Note how the original `scale(0.5)` relative to `scale(3.0)` in our scene was flattened into `scale(1.5)` relative to the same coordinate system (`s0`).

WebRender does a lot of transformations from a coordinate space to another there are three cases:

- A pretty common one is when the source and destination spaces are the same. The transformation is a no-op.

- If the coordinate spaces (let's call them `A` and `B`) are different but attached to the same coordinate system, going from `A` to `B` is expressed via a simple scale+offset transformation: It is the concatenation of `A.content_transform.inverse()` and `B.content_transform`, or in other words the transform maps from `A` to its coordinate system and from there to `B`.

- Finally, if the coordinate spaces are in different coordinate systems then a full 4x4 matrix transform is produced and involves walking the tree of coordinate systems from from the source to the destination. This case is a lot less common than the other two.

The spatial tree is defined during scene building, but the value of the transforms can change between frame without having to re-build the scene.

# Coordinate types

Juggling between coordinate spaces can be quite error-prone. To facilitate catching mistakes, WebRender leverages Rust's type system using the tagged types from the [euclid](docs.rs/euclid/latest/euclid/) linear algebra crate. In practice what we have is generic types such as `euclid::Point2D<Scalar, Space>` which we use via [a number of aliases](https://searchfox.org/mozilla-central/source/gfx/wr/webrender_api/src/units.rs#1) such as

```rust

pub type LayoutPoint = euclid::Point2D<f32, LayoutPixel>;

pub type DeviceIntPoint = euclid::Point2D<i32, DevicePixel>;

// etc.

```

These tags make sure that we don't, for example, add a `LayoutVector` to a `DeviceVector` by mistake.

The most Important coordinate types tags are `WorldPixel`, `LayoutPixel`, `DevicePixel`, `RasterPixel` and `PicturePixel`. It is important to understand that there isn't a one to one correspondence between these coordinate tags and nodes of the spatial tree.

Coordinate tags provide an interpretation of the meaning of a spatial node in a specific context. It will be easier to understand after going through each of these tags, but as a word caution, I will be using the overloaded "space" terminology ("Device space", "Layout space", etc.) to refer to these types rather than the coordinate spaces in the spatial tree. There is an unfortunate overlap here, but it is all over WebRender's code, and this post reflects that.

## Layout

Layout space (often also called "local space") is what display items are specified in at WebRender's public API boundary. There isn't one layout space: all coordinates in layout space are always relative to a specific spatial node. In CSS parlance, layout space coordinates are always relative to a stacking context.

I think of layout space as the relative coordinates at the beginning of the chain of transformations.

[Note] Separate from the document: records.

(* Under Assumption A(b),(c) in setting (E), let $\omega\in(0,1]$, set $\widetilde S^{-1}:=Gx^0$ and for $k\ge0$ $$\widetilde S^k:=(1-\omega)\big[\widetilde S^{k-1}+2G_{\mathcal B_k}x^k-3G_{\mathcal B_k}x^{k-1}+G_{\mathcal B_k}x^{k-2}\big]+\omega\,\overline S^k_{\hat{\mathcal B}_k},$$ where $\mathcal B_k$ is a fresh i.i.d. mini-batch of size $b$, $\hat{\mathcal B}_k$ a fresh i.i.d. mini-batch of size $\hat b$ (possibly overlapping with $\mathcal B_k$), and $\overline S^k_{\hat{\mathcal B}_k}$ is built from $\hat{\mathcal B}_k$ with $\mathbb E_{\hat{\mathcal B}_k}[\overline S^k_{\hat{\mathcal B}_k}]=S^k$ and $\sigma_k^2:=\mathbb E_{\hat{\mathcal B}_k}\|\overline S^k_{\hat{\mathcal B}_k}-S^k\|^2$. Then $\widetilde S^k$ belongs to class (B) with $\Delta_k:=\|\widetilde S^k-S^k\|^2$, $\tau=\omega$, $\kappa=\omega(2-\omega)$, $\Theta=\frac{8C(1-\omega)^2L^2}{b}$, $\hat\Theta=\frac{2C(1-\omega)^2L^2}{b}$, $\delta_k=C\omega^2\sigma_k^2$, where $C=1$ if $\mathcal B_k$ and $\hat{\mathcal B}_k$ are independent and $C=2$ otherwise.
   Context: Setting: $G:\mathbb{R}^p\to\mathbb{R}^p$, $T:\mathbb{R}^p\rightrightarrows\mathbb{R}^p$, $\Phi:=G+T$, $J_{\eta T}:=(\mathbb{I}+\eta T)^{-1}$. (E): $Gx=\mathbb{E}_{\zeta\sim\mathbb P}[\mathbf G(x,\zeta)]$. $G_{\mathcal B}x:=\frac1{|\mathcal B|}\sum_{\zeta\in\mathcal B}\mathbf G(x,\zeta)$; i.i.d. mini-batches are samples drawn i.i.d. from $\mathbb P$ independently of the past. Assumption A: (b) $\mathbb{E}_\zeta\|\mathbf G(x,\zeta)-Gx\|^2\le\sigma^2$; (c) $\mathbb{E}_\zeta\|\mathbf G(x,\zeta)-\mathbf G(y,\zeta)\|^2\le L^2\|x-y\|^2$. Scheme (VrFRBS): stepsize $\eta>0$, $x^0$, $x^{-2}=x^{-1}=x^0$, $\xi^0\in Tx^0$; for $k\ge0$: $S^k:=2Gx^k-Gx^{k-1}$, estimator $\widetilde S^k$, $x^{k+1}\in J_{\eta T}(x^k-\eta\widetilde S^k)$, $\xi^{k+1}:=\eta^{-1}(x^k-\eta\widetilde S^k-x^{k+1})\in Tx^{k+1}$; $e^k:=\widetilde S^k-S^k$. $\mathcal F_k$: $\sigma$-algebra of all randomness up to iteration $k$; $\mathbb E_k[\cdot]:=\mathbb E[\cdot\mid\mathcal F_k]$. Class (B): there exist nonnegative random variables $\Delta_k$ ($\Delta_{-1}:=0$), $\tau,\kappa\in(0,1]$, $\Theta,\hat\Theta\ge0$, nonnegative $\{\delta_k\}$ such that with $e^{-1}:=0$, a.s. for all $k\ge0$: $\mathbb E_k[e^k]=(1-\tau)e^{k-1}$; $\mathbb E_k\|e^k\|^2\le\mathbb E_k[\Delta_k]$; $\mathbb E_k[\Delta_k]\le(1-\kappa)\Delta_{k-1}+\Theta\|x^k-x^{k-1}\|^2+\hat\Theta\|x^{k-1}-x^{k-2}\|^2+\delta_k$. *)

theory Defs
  imports "HOL-Probability.Probability"
begin

definition batch_law :: "'z measure \<Rightarrow> nat \<Rightarrow> (nat \<Rightarrow> 'z) measure" where
  "batch_law P n = (\<Pi>\<^sub>M j\<in>{..<n}. P)"

definition batch_op :: "('a \<Rightarrow> 'z \<Rightarrow> 'b::real_vector) \<Rightarrow> nat \<Rightarrow> (nat \<Rightarrow> 'z) \<Rightarrow> 'a \<Rightarrow> 'b" where
  "batch_op Gs n \<beta> x = (1 / real n) *\<^sub>R (\<Sum>j<n. Gs x (\<beta> j))"

text \<open>The variance-reduced estimator of the theorem at iteration k, as a function of the
  fresh batches (beta = B_k, betah = hat B_k), with the past x^k, x^{k-1}, x^{k-2} and
  tilde S^{k-1} frozen.\<close>
definition vr_est ::
  "('a \<Rightarrow> 'z \<Rightarrow> 'a::real_vector) \<Rightarrow> nat \<Rightarrow> real \<Rightarrow> 'a \<Rightarrow> ((nat \<Rightarrow> 'z) \<Rightarrow> 'a)
    \<Rightarrow> 'a \<Rightarrow> 'a \<Rightarrow> 'a \<Rightarrow> (nat \<Rightarrow> 'z) \<Rightarrow> (nat \<Rightarrow> 'z) \<Rightarrow> 'a" where
  "vr_est Gs b \<omega> Sprev Sbar xk xk1 xk2 \<beta> \<beta>h =
     (1 - \<omega>) *\<^sub>R (Sprev + 2 *\<^sub>R batch_op Gs b \<beta> xk - 3 *\<^sub>R batch_op Gs b \<beta> xk1
                     + batch_op Gs b \<beta> xk2) + \<omega> *\<^sub>R Sbar \<beta>h"

text \<open>One step of class (B): Q is the law of the fresh randomness of iteration k (so that
  E_k is integration w.r.t. Q with the F_k-measurable past frozen); e = e^k, Delta = Delta_k
  as functions of the fresh randomness; eprev = e^{k-1}, Dprev = Delta_{k-1};
  dx = ||x^k-x^{k-1}||^2, dx' = ||x^{k-1}-x^{k-2}||^2; delta = delta_k.\<close>
definition classB_step ::
  "'w measure \<Rightarrow> ('w \<Rightarrow> 'a::euclidean_space) \<Rightarrow> ('w \<Rightarrow> real) \<Rightarrow> 'a \<Rightarrow> real
    \<Rightarrow> real \<Rightarrow> real \<Rightarrow> real \<Rightarrow> real \<Rightarrow> real \<Rightarrow> real \<Rightarrow> ennreal \<Rightarrow> bool" where
  "classB_step Q e \<Delta> eprev Dprev \<tau> \<kappa> \<Theta> \<Theta>h dx dx' \<delta> \<longleftrightarrow>
     0 < \<tau> \<and> \<tau> \<le> 1 \<and> 0 < \<kappa> \<and> \<kappa> \<le> 1 \<and> 0 \<le> \<Theta> \<and> 0 \<le> \<Theta>h \<and> 0 \<le> Dprev \<and>
     (\<forall>w\<in>space Q. 0 \<le> \<Delta> w) \<and>
     integrable Q e \<and> (\<integral>w. e w \<partial>Q) = (1 - \<tau>) *\<^sub>R eprev \<and>
     (\<integral>\<^sup>+w. ennreal ((norm (e w))\<^sup>2) \<partial>Q) \<le> (\<integral>\<^sup>+w. ennreal (\<Delta> w) \<partial>Q) \<and>
     (\<integral>\<^sup>+w. ennreal (\<Delta> w) \<partial>Q) \<le> ennreal ((1 - \<kappa>) * Dprev + \<Theta> * dx + \<Theta>h * dx') + \<delta>"

end

theory Submission
  imports Defs
begin

(*
  Write e = tilde S^k - S^k. Since S^k - S^{k-1} = 2 G x^k - 3 G x^{k-1} + G x^{k-2}, the recursion
  for tilde S^k gives

    e = (1 - omega) e^{k-1} + (1 - omega) Z(B_k) + omega W(hat B_k),

  where Z is the mean over the batch of b i.i.d. centred copies of the stochastic difference
  D(zeta) = (2 G(x^k, zeta) - G(x^{k-1}, zeta)) - (2 G(x^{k-1}, zeta) - G(x^{k-2}, zeta)), and
  W = bar S^k - S^k. Both noises are unbiased, so E_k e = (1 - omega) e^{k-1}, and the bias-variance
  identity gives E_k ||e||^2 = (1 - omega)^2 ||e^{k-1}||^2 + E ||(1 - omega) Z + omega W||^2, where
  (1 - omega)^2 = 1 - omega (2 - omega).

  Independence of the samples in B_k gives E ||Z||^2 = Var D / b <= E ||D||^2 / b, and splitting
  D = 2 (G(x^k, .) - G(x^{k-1}, .)) - (G(x^{k-1}, .) - G(x^{k-2}, .)) and using A(c) bounds E ||D||^2
  by 8 L^2 ||x^k - x^{k-1}||^2 + 2 L^2 ||x^{k-1} - x^{k-2}||^2. Finally
  E ||(1 - omega) Z + omega W||^2 <= C ((1 - omega)^2 E ||Z||^2 + omega^2 sigma_k^2): if the two
  batches are independent the cross term vanishes (C = 1), otherwise ||u + v||^2 <= 2 ||u||^2 + 2 ||v||^2
  (C = 2).
*)

section \<open>Second moments of random vectors\<close>

lemma norm_add_sq_le:
  fixes u v :: "'a::real_normed_vector"
  shows "(norm (u + v))\<^sup>2 \<le> 2 * (norm u)\<^sup>2 + 2 * (norm v)\<^sup>2"
proof -
  have "(norm (u + v))\<^sup>2 \<le> (norm u + norm v)\<^sup>2"
    by (rule power_mono[OF norm_triangle_ineq norm_ge_zero])
  also have "\<dots> \<le> 2 * (norm u)\<^sup>2 + 2 * (norm v)\<^sup>2"
    using sum_squares_bound[of "norm u" "norm v"] by (simp add: power2_eq_square algebra_simps)
  finally show ?thesis .
qed

lemma nn_integral_norm_add_sq_le:
  fixes f g :: "'b \<Rightarrow> 'a::euclidean_space"
  assumes [measurable]: "f \<in> borel_measurable M" "g \<in> borel_measurable M"
  shows "(\<integral>\<^sup>+x. ennreal ((norm (f x + g x))\<^sup>2) \<partial>M)
           \<le> 2 * (\<integral>\<^sup>+x. ennreal ((norm (f x))\<^sup>2) \<partial>M) + 2 * (\<integral>\<^sup>+x. ennreal ((norm (g x))\<^sup>2) \<partial>M)"
proof -
  have "(\<integral>\<^sup>+x. ennreal ((norm (f x + g x))\<^sup>2) \<partial>M)
          \<le> (\<integral>\<^sup>+x. 2 * ennreal ((norm (f x))\<^sup>2) + 2 * ennreal ((norm (g x))\<^sup>2) \<partial>M)"
    by (intro nn_integral_mono)
       (simp add: norm_add_sq_le flip: ennreal_plus ennreal_mult' ennreal_numeral)
  also have "\<dots> = 2 * (\<integral>\<^sup>+x. ennreal ((norm (f x))\<^sup>2) \<partial>M) + 2 * (\<integral>\<^sup>+x. ennreal ((norm (g x))\<^sup>2) \<partial>M)"
    by (simp add: nn_integral_add nn_integral_cmult)
  finally show ?thesis .
qed

lemma integrable_norm_sq_iff:
  fixes f :: "'b \<Rightarrow> 'a::euclidean_space"
  assumes "f \<in> borel_measurable M"
  shows "integrable M (\<lambda>x. (norm (f x))\<^sup>2) \<longleftrightarrow> (\<integral>\<^sup>+x. ennreal ((norm (f x))\<^sup>2) \<partial>M) < \<infinity>"
  using assms by (simp add: integrable_iff_bounded)

lemma nn_integral_norm_scaleR_sq:
  fixes f :: "'b \<Rightarrow> 'a::euclidean_space"
  assumes "f \<in> borel_measurable M"
  shows "(\<integral>\<^sup>+x. ennreal ((norm (c *\<^sub>R f x))\<^sup>2) \<partial>M) = ennreal (c\<^sup>2) * (\<integral>\<^sup>+x. ennreal ((norm (f x))\<^sup>2) \<partial>M)"
proof -
  have "(\<lambda>x. ennreal ((norm (f x))\<^sup>2)) \<in> borel_measurable M"
    using assms by measurable
  then show ?thesis
    by (simp add: power_mult_distrib ennreal_mult nn_integral_cmult)
qed

lemma (in prob_space) integral_norm_sq_bias_variance:
  fixes f :: "'a \<Rightarrow> 'b::euclidean_space"
  assumes f: "integrable M f" and f2: "integrable M (\<lambda>x. (norm (f x))\<^sup>2)"
  shows "integrable M (\<lambda>x. (norm (f x - expectation f))\<^sup>2)"
    and "expectation (\<lambda>x. (norm (f x))\<^sup>2)
           = (norm (expectation f))\<^sup>2 + expectation (\<lambda>x. (norm (f x - expectation f))\<^sup>2)"
proof -
  let ?c = "expectation f"
  have expand: "(norm (f x - ?c))\<^sup>2 = (norm (f x))\<^sup>2 - 2 * (f x \<bullet> ?c) + (norm ?c)\<^sup>2" for x
    by (simp add: power2_norm_eq_inner inner_diff_left inner_diff_right inner_commute)
  show "integrable M (\<lambda>x. (norm (f x - ?c))\<^sup>2)"
    unfolding expand using f f2 by simp
  have "expectation (\<lambda>x. (norm (f x - ?c))\<^sup>2) = expectation (\<lambda>x. (norm (f x))\<^sup>2) - (norm ?c)\<^sup>2"
    unfolding expand using f f2 by (simp add: prob_space power2_norm_eq_inner)
  then show "expectation (\<lambda>x. (norm (f x))\<^sup>2) = (norm ?c)\<^sup>2 + expectation (\<lambda>x. (norm (f x - ?c))\<^sup>2)"
    by simp
qed

lemma (in prob_space) nn_integral_norm_sq_bias_variance:
  fixes f :: "'a \<Rightarrow> 'b::euclidean_space"
  assumes f: "integrable M f"
  shows "(\<integral>\<^sup>+x. ennreal ((norm (f x))\<^sup>2) \<partial>M)
           = ennreal ((norm (expectation f))\<^sup>2) + (\<integral>\<^sup>+x. ennreal ((norm (f x - expectation f))\<^sup>2) \<partial>M)"
proof (cases "integrable M (\<lambda>x. (norm (f x))\<^sup>2)")
  case True
  note bv = integral_norm_sq_bias_variance[OF f True]
  show ?thesis
    using nn_integral_eq_integral[OF True] nn_integral_eq_integral[OF bv(1)] bv(2)
    by (simp add: ennreal_plus)
next
  case False
  let ?c = "expectation f"
  have [measurable]: "f \<in> borel_measurable M" using f by auto
  have fc: "(\<lambda>x. f x - ?c) \<in> borel_measurable M" by measurable
  have "\<not> integrable M (\<lambda>x. (norm (f x - ?c))\<^sup>2)"
  proof
    assume "integrable M (\<lambda>x. (norm (f x - ?c))\<^sup>2)"
    then have "(\<integral>\<^sup>+x. ennreal ((norm (f x - ?c))\<^sup>2) \<partial>M) < \<infinity>"
      by (simp add: integrable_norm_sq_iff)
    then have "2 * (\<integral>\<^sup>+x. ennreal ((norm (f x - ?c))\<^sup>2) \<partial>M)
                 + 2 * (\<integral>\<^sup>+x. ennreal ((norm ?c)\<^sup>2) \<partial>M) < \<infinity>"
      by (simp add: emeasure_space_1 ennreal_mult_less_top)
    then have "(\<integral>\<^sup>+x. ennreal ((norm ((f x - ?c) + ?c))\<^sup>2) \<partial>M) < \<infinity>"
      by (rule le_less_trans[OF nn_integral_norm_add_sq_le[OF fc borel_measurable_const]])
    with False show False by (simp add: integrable_norm_sq_iff)
  qed
  then show ?thesis
    using False by (simp add: integrable_norm_sq_iff less_top[symmetric])
qed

Note that display items parameters such as gradient endpoints are typically specified using types such as `LayoutPoint`, but they are actually relative to the bounds of the display item instead of being relative to a spatial node like the rest of the code that explicitly uses layout coordinates.

## Device

At the opposite end of the chain of transformation is device space. Device space refers to coordinate spaces that map to actual pixels.

We typically do computation in device space when we need to know how coordinates will land on the pixel grid of a destination texture or, since one unit in device space corresponds to one pixel, to decide what resolution to render some intermediate steps in.

For example consider a complex clip mask that needs to be drawn into an intermediate texture to mask out some content. We could render the mask at any resolution, but in order for the result to not look blurry or pixelated, we want the resolution of the mask to be selected based on the size that it will occupy once applied in the destination texture. Also, if the content is drawn at a fractional offset, the mask should take that offset into account, so device space is a good place to ensure that both the item and its mask align.

Device space special in a few ways, chief among them the fact there isn't a node in the spatial tree that map directly to it.

## Picture

Internally, WebRender refers to surface into which arbitrary content needs to be rendered as ["pictures"](https://searchfox.org/mozilla-central/search?q=PicturePrimitive). Certain things such as filters or complex clips, require content to be drawn into an intermediate picture which is then drawn as an image into its parent picture. Pictures can be arbitrarily nested so they form a tree and all display items are assigned to a picture in that tree.

Like other internal rendering primitive, pictures are associated to a spatial node which defines how to position them. Let's call it the positional node of the picture. We tag coordinates relative to this positional node with the `PicturePixel` tag, they are said to be in "picture space".

In addition, pictures have the concept of a "raster node". The raster node is also a spatial node index, that is used to specify in which coordinate space some important operations are performed. In some cases a picture's positional and raster nodes are the same, sometimes they are different.

## Raster

Raster space is a coordinate space that is used as a reference for rendering multiple items specified in different coordinate spaces into a single surface. Like layout coordinates, raster coordinates are relative to a spatial node. For the purpose of rendering a picture, that particular spatial node is chosen as the reference "raster node" of the picture.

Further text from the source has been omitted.